### The problem
Reproduce the entries shown below only from the line with "(A *v x) \<ge> A" down to the line with "(\<Sum>k\<in>UNIV. \<Sum>l\<in>UNIV. F", keeping both end lines and copying each one exactly.

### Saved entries
********************

lemma laplacian_form_ge_edge:
  assumes "i \<noteq> j"
  shows "x \<bullet> (diagm (degvec A) *v x) - x \<bullet> (A *v x) \<ge> A $ i $ j * (x $ i - x $ j)\<^sup>2"
proof -
  define F where "F k l = A $ k $ l * (x $ k - x $ l)\<^sup>2" for k l
  have F_nonneg: "F k l \<ge> 0" for k l
    using nonneg by (simp add: F_def)
  have "2 * (A $ i $ j * (x $ i - x $ j)\<^sup>2) = F i j + F j i"
    by (simp add: F_def adjacency_commute[of i j] power2_commute)
  also have "\<dots> = (\<Sum>k\<in>{i, j}. F k (if k = i then j else i))"
    using assms by simp
  also have "\<dots> \<le> (\<Sum>k\<in>{i, j}. \<Sum>l\<in>UNIV. F k l)"
    by (intro sum_mono member_le_sum) (auto intro: F_nonneg)
  also have "\<dots> \<le> (\<Sum>k\<in>UNIV. \<Sum>l\<in>UNIV. F k l)"
    by (intro sum_mono2) (auto intro: sum_nonneg F_nonneg)
  finally show ?thesis
    by (simp add: laplacian_form F_def)
qed

lemma Smat_symmetric: "transpose (Smat r A) = Smat r A"
  by (simp add: vec_eq_iff transpose_def Smat_def adjacency_commute mult.commute)

lemma Smat_form:
  "x \<bullet> (Smat r A *v x) = r * (x \<bullet> (diagm (degvec A) *v x))
    + (x \<bullet> (diagm (degvec A) *v x) - x \<bullet> (A *v x)) + (degvec A \<bullet> x)\<^sup>2 / norm1 (degvec A)"
  by (simp add: Smat_def algebra_simps scaleR_matrix_mult_vector outer_mult_vector
      inner_diff_right inner_add_right power2_eq_square inner_commute[of x])

lemma sym_posdef_Smat:
  assumes "r > 0"
  shows "sym_posdef (Smat r A)"
  unfolding sym_posdef_def
proof (intro conjI allI impI Smat_symmetric)
  fix x :: "real^'n"
  assume "x \<noteq> 0"
  then have "r * (x \<bullet> (diagm (degvec A) *v x)) > 0"
    using assms degree_form_pos by simp
  moreover have "x \<bullet> (diagm (degvec A) *v x) - x \<bullet> (A *v x) \<ge> 0"
    by (simp add: laplacian_form sum_nonneg nonneg)
  moreover have "(degvec A \<bullet> x)\<^sup>2 / norm1 (degvec A) \<ge> 0"
    using norm1_degvec_pos by simp
  ultimately show "x \<bullet> (Smat r A *v x) > 0"
    by (simp add: Smat_form)
qed

lemma Smat_form_ge_edge:
  assumes "i \<noteq> j"
  shows "x \<bullet> (Smat r A *v x)
    \<ge> r * (x \<bullet> (diagm (degvec A) *v x)) + A $ i $ j * (x $ i - x $ j)\<^sup>2"
proof -
  have "(degvec A \<bullet> x)\<^sup>2 / norm1 (degvec A) \<ge> 0"
    using norm1_degvec_pos by simp
  then show ?thesis
    using laplacian_form_ge_edge[OF assms, of x] by (simp add: Smat_form)
qed

lemma edge_alpha_lt_1:
  assumes "i \<noteq> j" and "r > 0"
  defines "x \<equiv> matrix_inv (Smat r A) *v edgevec i j"
  shows "A $ i $ j * (x $ i - x $ j) < 1"
proof -
  define t where "t = x $ i - x $ j"
  have "Smat r A *v x = edgevec i j"
    using sym_posdef_inverse(1)[OF sym_posdef_Smat[OF \<open>r > 0\<close>]]
    by (simp add: x_def matrix_vector_mul_assoc)
  then have "x \<noteq> 0" and t_form: "t = x \<bullet> (Smat r A *v x)"
    using edgevec_nonzero[OF \<open>i \<noteq> j\<close>]
    by (auto simp: inner_edgevec inner_commute[of x] t_def)
  have "r * (x \<bullet> (diagm (degvec A) *v x)) > 0"
    using \<open>r > 0\<close> degree_form_pos[OF \<open>x \<noteq> 0\<close>] by simp
  then have "A $ i $ j * t\<^sup>2 < t"
    using Smat_form_ge_edge[OF \<open>i \<noteq> j\<close>, where x = x and r = r]
    unfolding t_def[symmetric] t_form[symmetric] by linarith
  moreover have "A $ i $ j * t\<^sup>2 \<ge> 0"
    using nonneg[of i j] by simp
  ultimately have "0 < t" and "(A $ i $ j * t) * t < 1 * t"
    by (simp_all add: power2_eq_square mult.assoc)
  then show ?thesis
    unfolding t_def[symmetric] using mult_right_less_imp_less by fastforce
qed

lemma cr_eq_quotient:
  assumes "i \<noteq> j" and "r > 0"
  defines "x \<equiv> matrix_inv (Smat r A) *v edgevec i j"
  shows "cr r A i j = A $ i $ j * (x \<bullet> (diagm (degvec A) *v x)) / (1 - A $ i $ j * (x $ i - x $ j))"
proof -
  define d a v B where "d = degvec A" and "a = A $ i $ j" and "v = edgevec i j"
    and "B = matrix_inv (Smat r A)"
  define g where "g = a / (1 - a * (v \<bullet> x))"
  have SB: "Smat r A ** B = mat 1" and symB: "transpose B = B"
    using sym_posdef_inverse[OF sym_posdef_Smat[OF \<open>r > 0\<close>]] by (simp_all add: B_def)
  have "a * (v \<bullet> x) \<noteq> 1"
    using edge_alpha_lt_1[OF assms(1,2)] by (simp add: a_def v_def x_def inner_edgevec)
  moreover have "x = B *v v"
    by (simp add: x_def B_def v_def)
  ultimately have SM: "(Smat r A - a *\<^sub>R outer v v) ** (B + g *\<^sub>R outer x x) = mat 1"
    unfolding g_def using sherman_morrison[OF SB symB] by blast
  have "Kr r d A = (\<Sum>k\<in>UNIV. d $ k * B $ k $ k) - 1 / (1 + r)"
    using SB degree_pos by (intro Kr_eq_weighted_trace) (simp_all add: Smat_def d_def)
  moreover have "Kr r d (Ahat A i j)
      = (\<Sum>k\<in>UNIV. d $ k * (B + g *\<^sub>R outer x x) $ k $ k) - 1 / (1 + r)"
    using SM degree_pos by (intro Kr_eq_weighted_trace)
      (simp_all add: Smat_def Ahat_def d_def a_def v_def algebra_simps)
  ultimately have "cr r A i j = g * (\<Sum>k\<in>UNIV. d $ k * (x $ k)\<^sup>2)"
    by (simp add: cr_def d_def[symmetric] algebra_simps sum.distrib sum_distrib_left
        power2_eq_square)
  then show ?thesis
    by (simp add: g_def a_def v_def d_def inner_edgevec inner_diagm)
qed

end

theorem mainTheorem12:
  fixes A :: "real^'n^'n" and i j :: 'n and r :: real
  assumes symA: "transpose A = A"
    and nonneg: "\<forall>k l. A$k$l \<ge> 0"
    and degpos: "\<forall>k. degvec A $ k > 0"
    and ij: "i \<noteq> j"
    and edge: "A$i$j > 0"
    and rpos: "r > 0"
  shows "sym_posdef (Smat r A) \<and>
    (let x = matrix_inv (Smat r A) *v edgevec i j;
         \<alpha> = A$i$j * (x$i - x$j);
         \<beta> = A$i$j * (x \<bullet> (diagm (degvec A) *v x))
     in \<alpha> < 1 \<and> cr r A i j = \<beta> / (1 - \<alpha>))"
proof -
  interpret weighted_graph A
    using symA nonneg degpos by unfold_locales auto
  show ?thesis
    unfolding Let_def
    using sym_posdef_Smat[OF rpos] edge_alpha_lt_1[OF ij rpos] cr_eq_quotient[OF ij rpos]
    by simp
qed

end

********************

### Answer to this problem
  shows "x \<bullet> (diagm (degvec A) *v x) - x \<bullet> (A *v x) \<ge> A $ i $ j * (x $ i - x $ j)\<^sup>2"
proof -
  define F where "F k l = A $ k $ l * (x $ k - x $ l)\<^sup>2" for k l
  have F_nonneg: "F k l \<ge> 0" for k l
    using nonneg by (simp add: F_def)
  have "2 * (A $ i $ j * (x $ i - x $ j)\<^sup>2) = F i j + F j i"
    by (simp add: F_def adjacency_commute[of i j] power2_commute)
  also have "\<dots> = (\<Sum>k\<in>{i, j}. F k (if k = i then j else i))"
    using assms by simp
  also have "\<dots> \<le> (\<Sum>k\<in>{i, j}. \<Sum>l\<in>UNIV. F k l)"
    by (intro sum_mono member_le_sum) (auto intro: F_nonneg)
  also have "\<dots> \<le> (\<Sum>k\<in>UNIV. \<Sum>l\<in>UNIV. F k l)"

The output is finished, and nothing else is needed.